START TASK MATERIAL

(* When all requests are scheduled by a Byzantine adversary, the algorithm's total RB cost and its total latency due to the $\mathcal{Q}$ good queries are each $$O\Big(\big(\mathcal{I}+\mathcal{Q}+\sqrt{(\mathcal{I}+\mathcal{Q})\,\mathcal{B}}\big)\,\ell_M^2\Big),$$ where this bound includes the cost of the good insertions.
   Context: Model. A hash table has $t$ indices with chaining. The objects at an index form a list, new objects are appended at the tail, and $L_i$ denotes the current number of objects in the list at index $i$. The depth of an object is its position counted from the head of its list (the head has depth $1$). Algorithm \textsc{Depth Charge}: - Inserting at index $i$ costs the inserter an RB (resource-burning) cost of $L_i+1$ and has latency $1$. - Querying a present object at depth $\Delta$ costs $\Delta$, has latency $\Delta$, and then moves the object to the head of its list. - Querying an absent object costs $L_i$. Good objects (inserted by clients) go to uniformly random indices; clients query only good objects. The adversary inserts bad objects at indices of its choice and may query any object. Notation. $\mathcal{I}$ is the number of good insertions. $\mathcal{Q}$ is the number of good queries for objects present in the table. $\mathcal{B}$ is the adversary's total RB cost. $\ell_M$ is the maximum, over indices, of the maximum number of good objects ever present in that index. *)

theory Defs
  imports Complex_Main
begin

text \<open>Model of the hash table under algorithm Depth Charge.
  Objects are natural numbers, indices are naturals below t.
  The table maps each index to its list (head first).\<close>

datatype op =
    GIns nat nat      \<comment> \<open>good insertion of object x at index i\<close>
  | GQry nat nat      \<comment> \<open>good query of present object x, which lies at index i\<close>
  | BIns nat nat      \<comment> \<open>bad (adversarial) insertion of object x at index i\<close>
  | BQry nat nat      \<comment> \<open>adversarial query of present object x (good or bad) at index i\<close>
  | BQryAbs nat       \<comment> \<open>adversarial query of an absent object hashing to index i\<close>

record st =
  tab   :: "nat \<Rightarrow> nat list"
  goodobj :: "nat set"
  allobj  :: "nat set"
  algc  :: nat                  \<comment> \<open>RB cost paid by the algorithm on good requests\<close>
  lat   :: nat                  \<comment> \<open>latency of good requests\<close>
  advc  :: nat                  \<comment> \<open>adversary's total RB cost (B)\<close>
  nI    :: nat                  \<comment> \<open>number of good insertions\<close>
  nQ    :: nat                  \<comment> \<open>number of good queries (of present objects)\<close>

definition init :: st where
  "init = \<lparr>tab = (\<lambda>_. []), goodobj = {}, allobj = {}, algc = 0, lat = 0,
           advc = 0, nI = 0, nQ = 0\<rparr>"

text \<open>Depth of x in list xs (head has depth 1).\<close>
definition depth :: "nat \<Rightarrow> nat list \<Rightarrow> nat" where
  "depth x xs = length (takeWhile (\<lambda>y. y \<noteq> x) xs) + 1"

definition mtf :: "nat \<Rightarrow> nat list \<Rightarrow> nat list" where
  "mtf x xs = x # remove1 x xs"

fun step :: "st \<Rightarrow> op \<Rightarrow> st" where
  "step s (GIns x i) = s\<lparr>tab := (tab s)(i := tab s i @ [x]),
      goodobj := insert x (goodobj s), allobj := insert x (allobj s),
      algc := algc s + (length (tab s i) + 1), lat := lat s + 1, nI := nI s + 1\<rparr>"
| "step s (GQry x i) = s\<lparr>tab := (tab s)(i := mtf x (tab s i)),
      algc := algc s + depth x (tab s i), lat := lat s + depth x (tab s i),
      nQ := nQ s + 1\<rparr>"
| "step s (BIns x i) = s\<lparr>tab := (tab s)(i := tab s i @ [x]),
      allobj := insert x (allobj s), advc := advc s + (length (tab s i) + 1)\<rparr>"
| "step s (BQry x i) = s\<lparr>tab := (tab s)(i := mtf x (tab s i)),
      advc := advc s + depth x (tab s i)\<rparr>"
| "step s (BQryAbs i) = s\<lparr>advc := advc s + length (tab s i)\<rparr>"

fun legal :: "nat \<Rightarrow> st \<Rightarrow> op \<Rightarrow> bool" where
  "legal t s (GIns x i) = (i < t \<and> x \<notin> allobj s)"
| "legal t s (GQry x i) = (i < t \<and> x \<in> goodobj s \<and> x \<in> set (tab s i))"
| "legal t s (BIns x i) = (i < t \<and> x \<notin> allobj s)"
| "legal t s (BQry x i) = (i < t \<and> x \<in> set (tab s i))"
| "legal t s (BQryAbs i) = (i < t)"

definition run :: "op list \<Rightarrow> st" where
  "run ops = fold (\<lambda>r s. step s r) ops init"

definition valid_run :: "nat \<Rightarrow> op list \<Rightarrow> bool" where
  "valid_run t ops = (\<forall>k < length ops. legal t (run (take k ops)) (ops ! k))"

text \<open>Maximum, over indices, of the number of good objects ever present
  at that index (there are no deletions, so this is the final count).\<close>
definition ellM :: "nat \<Rightarrow> st \<Rightarrow> nat" where
  "ellM t s = Max ((\<lambda>i. length (filter (\<lambda>x. x \<in> goodobj s) (tab s i))) ` {..<t})"

end

theory Submission
  imports Defs
begin

text \<open>A good request at index i costs at most L + a, where L bounds the good objects in a list
  and a is the number of bad objects ahead of the requested (or, for an insertion, new) object.
  Over the N good requests, Cauchy--Schwarz bounds the sum of the a's by sqrt (N * S) with S the
  sum of their squares, so it remains to charge S to the adversary. The potential of a list is
  the sum, over its good objects, of the squared number of bad objects ahead of them, plus
  2 (L - g) b^2 for g good and b bad objects; it is paid in advance for the squares that later
  good insertions create. A good request of value a releases a^2 of potential, while a bad
  request of cost k raises it by at most 4 L k: a bad insertion only grows the second term, and
  moving a bad object to the front adds at most 2 (bad objects ahead) + 1 for each good object
  it overtakes.\<close>

definition good_count :: "nat set \<Rightarrow> nat list \<Rightarrow> nat" where
  "good_count G xs = length (filter (\<lambda>x. x \<in> G) xs)"

definition bad_count :: "nat set \<Rightarrow> nat list \<Rightarrow> nat" where
  "bad_count G xs = length (filter (\<lambda>x. x \<notin> G) xs)"

definition bad_ahead :: "nat \<Rightarrow> nat set \<Rightarrow> nat list \<Rightarrow> nat" where
  "bad_ahead x G xs = bad_count G (takeWhile (\<lambda>y. y \<noteq> x) xs)"

text \<open>The sum, over the good objects y of the list, of (b + bad objects ahead of y) squared;
  b accounts for bad objects preceding the list.\<close>
fun bad_ahead_sq_sum :: "nat set \<Rightarrow> nat \<Rightarrow> nat list \<Rightarrow> nat" where
  "bad_ahead_sq_sum G b [] = 0"
| "bad_ahead_sq_sum G b (y # ys) =
     (if y \<in> G then b\<^sup>2 + bad_ahead_sq_sum G b ys else bad_ahead_sq_sum G (Suc b) ys)"

lemma good_count_Cons:
  "good_count G (y # ys) = (if y \<in> G then Suc (good_count G ys) else good_count G ys)"
  by (simp add: good_count_def)

lemma depth_Cons: "depth x (y # ys) = (if y = x then 1 else Suc (depth x ys))"
  by (simp add: depth_def)

lemma bad_ahead_Cons:
  "bad_ahead x G (y # ys) =
     (if y = x then 0 else if y \<in> G then bad_ahead x G ys else Suc (bad_ahead x G ys))"
  unfolding bad_ahead_def bad_count_def by (cases "y = x") auto

lemma good_count_plus_bad_count: "good_count G xs + bad_count G xs = length xs"
  unfolding good_count_def bad_count_def by (rule sum_length_filter_compl)

lemma good_count_snoc:
  "good_count G (xs @ [x]) = good_count G xs + (if x \<in> G then 1 else 0)"
  by (simp add: good_count_def)

lemma bad_count_snoc: "bad_count G (xs @ [x]) = bad_count G xs + (if x \<in> G then 0 else 1)"
  by (simp add: bad_count_def)

lemma good_count_mono: "G \<subseteq> G' \<Longrightarrow> good_count G xs \<le> good_count G' xs"
  unfolding good_count_def by (induction xs) auto

lemma length_filter_remove1:
  "x \<in> set xs \<Longrightarrow>
     length (filter P (remove1 x xs)) + (if P x then 1 else 0) = length (filter P xs)"
  by (induction xs) auto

END TASK MATERIAL

▶ [WORK REQUEST]:
Identify each line in the records above containing the word "ellM"; copy those lines.

▶ [RESULT BELOW]:
definition ellM :: "nat \<Rightarrow> st \<Rightarrow> nat" where
  "ellM t s = Max ((\<lambda>i. length (filter (\<lambda>x. x \<in> goodobj s) (tab s i))) ` {..<t})"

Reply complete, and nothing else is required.